Damien Greaves

Personal information
- Nationality: British (English)
- Born: 19 September 1977 (age 48) Forest Gate, Greater London, England
- Height: 181 cm (5 ft 11 in)
- Weight: 89 kg (196 lb)

Sport
- Sport: Athletics
- Event: Hurdles
- Club: Newham and Essex Beagles

= Damien Greaves =

British hurdler (born 1977)

Damien David Greaves (born 19 September 1977) is male former sprints and hurdling track and field athlete who represented Great Britain at the 2000 Summer Olympics in Sydney, Australia.

== Biography ==
Greaves was a finalist in the European and World Championships as a junior, and progressed smoothly into senior ranks in 1997, running a best of 13.82 and becoming the British 110 metres hurdles champion after winning the British AAA Championships title at the 1997 AAA Championships.

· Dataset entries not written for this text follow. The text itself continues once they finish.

lemma gram_decomposition_on:
  fixes A :: "real^'n^'n"
  assumes "sym_mat A" "\<And>a b. a \<notin> I \<or> b \<notin> I \<Longrightarrow> A $ a $ b = 0"
    and "\<And>x. x \<noteq> 0 \<Longrightarrow> (\<And>b. b \<notin> I \<Longrightarrow> x $ b = 0) \<Longrightarrow> 0 < x \<bullet> (A *v x)"
  shows "\<exists>w. \<forall>a b. A $ a $ b = (\<Sum>k\<in>I. w k $ a * w k $ b)"
  using finite[of I] assms
proof (induction I arbitrary: A rule: finite_induct)
  case empty
  then show ?case by auto
next
  case (insert c I)
  have "0 < axis c 1 \<bullet> (A *v axis c 1)"
    by (rule insert.prems(3)) (auto simp: axis_def vec_eq_iff)
  then have pivot: "0 < A $ c $ c"
    by (simp add: matrix_vector_mult_basis inner_axis' column_def)
  define v :: "real^'n" where "v = (\<chi> b. A $ b $ c / sqrt (A $ c $ c))"
  define A' :: "real^'n^'n" where "A' = (\<chi> a b. A $ a $ b - v $ a * v $ b)"
  have "sym_mat A'"
    using insert.prems(1) by (simp add: sym_mat_def A'_def mult.commute)
  moreover have "A' $ a $ b = 0" if "a \<notin> I \<or> b \<notin> I" for a b
    using that pivot insert.prems(1,2)
    by (cases "a = c \<or> b = c") (auto simp: A'_def v_def sym_mat_def)
  moreover have "0 < x \<bullet> (A' *v x)" if x: "x \<noteq> 0" "\<And>b. b \<notin> I \<Longrightarrow> x $ b = 0" for x
  proof -
    define y where "y = x - ((A *v x) $ c / A $ c $ c) *\<^sub>R axis c 1"
    obtain b where "x $ b \<noteq> 0" using x(1) by (auto simp: vec_eq_iff)
    with x(2) insert.hyps(2) have "y $ b \<noteq> 0" by (auto simp: y_def axis_def)
    moreover have "y $ b = 0" if "b \<notin> insert c I" for b
      using that x(2) by (simp add: y_def axis_def)
    ultimately have "0 < y \<bullet> (A *v y)" using insert.prems(3) by (metis zero_index)
    then show ?thesis
      unfolding A'_def v_def quadratic_form_pivot_elimination[OF insert.prems(1) pivot] y_def .
  qed
  ultimately obtain w where w: "\<forall>a b. A' $ a $ b = (\<Sum>k\<in>I. w k $ a * w k $ b)"
    using insert.IH by blast
  have "(\<Sum>k\<in>I. (w(c := v)) k $ a * (w(c := v)) k $ b) = (\<Sum>k\<in>I. w k $ a * w k $ b)" for a b
    using insert.hyps(2) by (intro sum.cong) auto
  then have "A $ a $ b = (\<Sum>k\<in>insert c I. (w(c := v)) k $ a * (w(c := v)) k $ b)" for a b
    using insert.hyps w[rule_format, of a b] by (simp add: A'_def)
  then show ?case by blast
qed
lemma valid_simps[simp]: "valid SkipSymbol" "valid TestSource" "valid BackToSymbol"
    "valid BackOverSymbol" "valid CopyRest" "valid (SkipFields n) \<longleftrightarrow> n \<le> 3"
  by (simp_all add: valid_def)

lemma K_pos: "0 < K" by (simp add: K_def)

lemma finite_mstates: "finite mstates"
  unfolding mstates_def using finite_M by (simp add: finite_ran)

lemma finite_valid_states: "finite valid_states"
proof -
  let ?A = "{..5::nat} \<times> mstates \<times> {..<K}"
  have "valid_states \<subseteq> (\<lambda>(k,p,x). CopyFields k p x) ` ?A
    \<union> (\<lambda>(i,p,w). ScaleL i p w) ` ({..<K} \<times> mstates \<times> {..<K})
    \<union> (\<lambda>(i,p,w). AppendDigitL i p w) ` ({..K} \<times> mstates \<times> {..<K})
    \<union> CopyStateR ` mstates
    \<union> (\<lambda>(j,p). DivideR j p) ` ({..<K} \<times> mstates)
    \<union> (\<lambda>(j,p,w). DivideL j p w) ` ({..<K} \<times> mstates \<times> {..<K})
    \<union> (\<lambda>(p,w,j). CopyStateL p w j) ` (mstates \<times> {..<K} \<times> {..<K})
    \<union> (\<lambda>(i,p,w,j). ScaleR i p w j) ` ({..<K} \<times> mstates \<times> {..<K} \<times> {..<K})
    \<union> (\<lambda>(i,p,w,j). AppendDigitR i p w j) ` ({..K} \<times> mstates \<times> {..<K} \<times> {..<K})
    \<union> (\<Union>(p,x)\<in>mstates \<times> {..<K}. WriteTable p x ` {..length (table_code p x)})
    \<union> {SkipSymbol, TestSource, SkipFields 0, SkipFields 1, SkipFields 2, SkipFields 3, BackToSymbol,
        BackOverSymbol, CopyRest}" (is "_ \<subseteq> ?B")
    unfolding valid_states_def valid_def
    by (rule subsetI) (auto simp: image_iff split: pstate.splits)
  moreover have "finite ?B" using finite_mstates by auto
  ultimately show ?thesis by (rule finite_subset)
qed
(* Let $m$ and $n_1,\ldots,n_t$ be positive integers such that for every $1\leq i\leq t$, $n_i$ is even and $m\geq n_i\geq 2 \lceil \log (81^{t-1}m)\rceil+1$. Then $BR(C_{n_1},\ldots,C_{n_t},K_{m,m})\leq 81^{t}m$.
   Context: $C_k$ is the cycle on $k$ vertices and $K_{m,m}$ the complete bipartite graph with both parts of size $m$. For bipartite graphs $G_1,\ldots,G_k$, the bipartite Ramsey number $BR(G_1,\ldots,G_k)$ is the smallest integer $b$ such that for every coloring of the edges of $K_{b,b}$ with colors $1,\ldots,k$ there is, for some $i$, a copy of $G_i$ all of whose edges have color $i$. $\log$ denotes the logarithm to base $2$. *)

theory Defs
  imports Complex_Main
begin

text \<open>The complete bipartite graph K_{b,b}: vertices Inl x (left part) and Inr y (right part)
  with x, y < b.  An edge coloring is a function c with c x y the color of the edge
  between Inl x and Inr y.  Colors are 0..t-1 (the cycles) and t (the K_{m,m}).\<close>

definition col_adj :: "(nat \<Rightarrow> nat \<Rightarrow> nat) \<Rightarrow> nat \<Rightarrow> nat \<Rightarrow> nat + nat \<Rightarrow> nat + nat \<Rightarrow> bool" where
  "col_adj c b k u v =
     (case (u, v) of
        (Inl x, Inr y) \<Rightarrow> x < b \<and> y < b \<and> c x y = k
      | (Inr y, Inl x) \<Rightarrow> x < b \<and> y < b \<and> c x y = k
      | _ \<Rightarrow> False)"

definition has_mono_cycle :: "(nat \<Rightarrow> nat \<Rightarrow> nat) \<Rightarrow> nat \<Rightarrow> nat \<Rightarrow> nat \<Rightarrow> bool" where
  "has_mono_cycle c b k n =
     (n \<ge> 3 \<and> (\<exists>f :: nat \<Rightarrow> nat + nat. inj_on f {..<n} \<and>
        (\<forall>j<n. col_adj c b k (f j) (f (Suc j mod n)))))"

definition has_mono_Kmm :: "(nat \<Rightarrow> nat \<Rightarrow> nat) \<Rightarrow> nat \<Rightarrow> nat \<Rightarrow> nat \<Rightarrow> bool" where
  "has_mono_Kmm c b k m =
     (\<exists>A B. A \<subseteq> {..<b} \<and> B \<subseteq> {..<b} \<and> card A = m \<and> card B = m \<and>
        (\<forall>x\<in>A. \<forall>y\<in>B. c x y = k))"

definition BR_arrows :: "nat \<Rightarrow> (nat \<Rightarrow> nat) \<Rightarrow> nat \<Rightarrow> nat \<Rightarrow> bool" where
  "BR_arrows t n m b =
     (\<forall>c :: nat \<Rightarrow> nat \<Rightarrow> nat. (\<forall>x<b. \<forall>y<b. c x y \<le> t) \<longrightarrow>
        (\<exists>i<t. has_mono_cycle c b i (n i)) \<or> has_mono_Kmm c b t m)"

definition BR_cycles_Kmm :: "nat \<Rightarrow> (nat \<Rightarrow> nat) \<Rightarrow> nat \<Rightarrow> nat" where
  "BR_cycles_Kmm t n m = (LEAST b. BR_arrows t n m b)"

end

theory Submission
  imports Defs
begin

text \<open>Suppose all edges between two sets of 81M vertices have colour at least s. Either some
  M-subsets of the two sides span no edge of colour s, and we pass to them with colours at least
  s + 1, or the colour-s graph is M-dense: any M vertices on one side and M on the other are
  joined by an edge. In the dense case, after removing fewer than 2M vertices the graph expands
  eightfold on sets of at most M vertices, so from the two ends of an edge grow two disjoint trees
  with M leaves each and depth at most k - 1, as M \<le> 2^(k-1). A depth-first search among the
  remaining vertices finds a path of length about 70M, and by density a segment of it of the right
  odd length joins a leaf of one tree to a leaf of the other: a cycle of length exactly 2k.
  Starting from 81^t m vertices, after t rounds we are left with m \<times> m sets of colour t.\<close>

section \<open>Dense bipartite graphs\<close>

definition bipartite :: "('v \<Rightarrow> 'v \<Rightarrow> bool) \<Rightarrow> 'v set \<Rightarrow> 'v set \<Rightarrow> bool" where
  "bipartite adj P Q \<longleftrightarrow> P \<inter> Q = {} \<and> (\<forall>u v. adj u v \<longrightarrow> adj v u) \<and>
     (\<forall>u v. adj u v \<longrightarrow> u \<in> P \<and> v \<in> Q \<or> u \<in> Q \<and> v \<in> P)"

definition dense_between :: "('v \<Rightarrow> 'v \<Rightarrow> bool) \<Rightarrow> nat \<Rightarrow> 'v set \<Rightarrow> 'v set \<Rightarrow> bool" where
  "dense_between adj M P Q \<longleftrightarrow> (\<forall>A B. A \<subseteq> P \<longrightarrow> B \<subseteq> Q \<longrightarrow> M \<le> card A \<longrightarrow> M \<le> card B \<longrightarrow>
      (\<exists>a\<in>A. \<exists>b\<in>B. adj a b))"

definition neighbours :: "('v \<Rightarrow> 'v \<Rightarrow> bool) \<Rightarrow> 'v set \<Rightarrow> 'v set" where
  "neighbours adj S = {v. \<exists>u\<in>S. adj u v}"

lemma bipartite_swap: "bipartite adj P Q \<Longrightarrow> bipartite adj Q P"
  unfolding bipartite_def by blast

lemma dense_between_swap:
  "bipartite adj P Q \<Longrightarrow> dense_between adj M P Q \<Longrightarrow> dense_between adj M Q P"
  unfolding bipartite_def dense_between_def by metis

lemma dense_between_no_edges:
  assumes "dense_between adj M P Q" "A \<subseteq> P" "B \<subseteq> Q" "\<forall>a\<in>A. \<forall>b\<in>B. \<not> adj a b"
  shows "card A < M \<or> card B < M"
proof (rule ccontr)
  assume "\<not> (card A < M \<or> card B < M)"
  then obtain a b where "a \<in> A" "b \<in> B" "adj a b"
    using assms(1-3) unfolding dense_between_def by (meson not_less)
  then show False using assms(4) by blast
qed

lemma card_non_neighbours_less:
  assumes "dense_between adj M P Q" "A \<subseteq> P" "M \<le> card A"
  shows "card (Q - neighbours adj A) < M"
proof -
  have "\<forall>a\<in>A. \<forall>b\<in>Q - neighbours adj A. \<not> adj a b" unfolding neighbours_def by blast
  then show ?thesis
    using dense_between_no_edges[OF assms(1,2) Diff_subset[of Q "neighbours adj A"]] assms(3)
    by linarith
qed

lemma neighbours_subset: "bipartite adj P Q \<Longrightarrow> neighbours adj A \<subseteq> P \<union> Q"
  unfolding bipartite_def neighbours_def by blast

lemma neighbours_mono: "A \<subseteq> B \<Longrightarrow> neighbours adj A \<subseteq> neighbours adj B"
  unfolding neighbours_def by blast

lemma neighbours_Un: "neighbours adj (A \<union> B) = neighbours adj A \<union> neighbours adj B"
  unfolding neighbours_def by blast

He was consistently sub-14 in 1998 (best 13.85/13.84w) and represented England in the 110 metres hurdles event, at the 1998 Commonwealth Games in Kuala Lumpur, Malaysia.

In 1999 (13.86) when he made his second European Under-23 final after placing 2nd at the AAAs. In 2000 he had an excellent indoor season running four personal bests for 60m hurdles to 7.68 for 5th in his semi-final at the European Indoors. Outdoors he improved his best for 110mh to 13.75, 13.66w and 13.62. He was 3rd at the AAAs, but although he qualified for the second round he was unable to better 14 seconds at the Summer Olympics.

After bobsledding during the winter (17th place in World 2-man Championships), Greaves won the 2001 Scottish title in 13.70 and had a season's best 13.68 for 2nd at the AAAs. He was disqualified for two false starts in his heat at the 2001 World Championships in Athletics. In 2002, he was 2nd in the AAA indoor 60m hurdles in 7.75 and went out in his heat at the European Indoors. He ran a personal best of 13.54 for 3rd at the AAAs, but fell at the first hurdle in the 2002 Commonwealth Games final and his 13.90 heat time at the European Championships was not enough to advance.

He showed top form again at the 2003 AAA Championships to regain the title in 13.66 and had bests of 13.68 and 13.50w in 2004. Having switched coaches from Lloyd Cowan and Colin Jackson to Mike McFarlane and lost weight, he ran a season's best of 7.68 in his heat but was slower at 7.75 for fifth in his 60mh semi-final at his fourth European Indoors in 2005. He won the 110mh at Loughborough in 13.59 but had to drop out of the European Cup team due to a trapped nerve in his back. He was disqualified for a false start in his heat at the AAAs.

Greaves narrowly missed the final when he was 5th in 13.71 in his heat at his third Commonwealth Games in 2006.